definition congestion ::
  "('a::finite) mat \<Rightarrow> 'a mat \<Rightarrow> ('a \<Rightarrow> real) \<Rightarrow> ('a list \<Rightarrow> real) \<Rightarrow> real" where
  "congestion P P' \<pi> f = Max ((\<lambda>(z, w). congestion_edge P P' \<pi> f z w) ` edges P)"

end

theory Submission
  imports Defs
begin

text \<open>Cheeger's inequality turns the conductance \<open>\<Phi>\<close> of \<open>M'\<close> into the Poincare inequality
  \<open>\<Phi>\<^sup>2 Var(g) \<le> 8 E'(g)\<close>, and the flow transfers it to \<open>M\<close>: telescoping \<open>g x - g y\<close> along the
  paths of the flow and applying Cauchy-Schwarz gives \<open>E'(g) \<le> A(f) E(g)\<close>. A Poincare constant
  \<open>c\<close> for \<open>M\<close> makes the chi-square distance from \<open>\<pi>\<close> of the continuized chain started at
  \<open>x\<close> decay like \<open>exp (-2 c t)\<close> from its initial value \<open>1/\<pi>(x) - 1\<close>, whence
  \<open>\<tau>\<^sub>x \<le> ln (1 / (\<epsilon>\<^sup>2 \<pi>(x))) / (2 c)\<close>. Finally, if \<open>M'\<close> (continuized or not) is
  \<open>1/(2e)\<close>-close to \<open>\<pi>\<close> from every state after time \<open>T\<close>, then at least the fraction
  \<open>1/2 - 1/(2e)\<close> of the mass of a set \<open>S\<close> with \<open>\<pi>(S) \<le> 1/2\<close> has left \<open>S\<close> by time
  \<open>T\<close>, while at most \<open>T Q(S, -S)\<close> can leave, so \<open>\<Phi> \<ge> (1/2 - 1/(2e)) / T\<close>.\<close>

lemma mmult_mone_right [simp]: "mmult A mone = A"
  by (simp add: mmult_def mone_def fun_eq_iff if_distrib cong: if_cong)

** Task goal **
Retype exactly, and only, the lines from the line holding "imports Defs" through the last line of the data; both of those lines count.

** Finished task **
  imports Defs
begin

text \<open>Cheeger's inequality turns the conductance \<open>\<Phi>\<close> of \<open>M'\<close> into the Poincare inequality
  \<open>\<Phi>\<^sup>2 Var(g) \<le> 8 E'(g)\<close>, and the flow transfers it to \<open>M\<close>: telescoping \<open>g x - g y\<close> along the
  paths of the flow and applying Cauchy-Schwarz gives \<open>E'(g) \<le> A(f) E(g)\<close>. A Poincare constant
  \<open>c\<close> for \<open>M\<close> makes the chi-square distance from \<open>\<pi>\<close> of the continuized chain started at
  \<open>x\<close> decay like \<open>exp (-2 c t)\<close> from its initial value \<open>1/\<pi>(x) - 1\<close>, whence
  \<open>\<tau>\<^sub>x \<le> ln (1 / (\<epsilon>\<^sup>2 \<pi>(x))) / (2 c)\<close>. Finally, if \<open>M'\<close> (continuized or not) is
  \<open>1/(2e)\<close>-close to \<open>\<pi>\<close> from every state after time \<open>T\<close>, then at least the fraction
  \<open>1/2 - 1/(2e)\<close> of the mass of a set \<open>S\<close> with \<open>\<pi>(S) \<le> 1/2\<close> has left \<open>S\<close> by time
  \<open>T\<close>, while at most \<open>T Q(S, -S)\<close> can leave, so \<open>\<Phi> \<ge> (1/2 - 1/(2e)) / T\<close>.\<close>

lemma mmult_mone_right [simp]: "mmult A mone = A"
  by (simp add: mmult_def mone_def fun_eq_iff if_distrib cong: if_cong)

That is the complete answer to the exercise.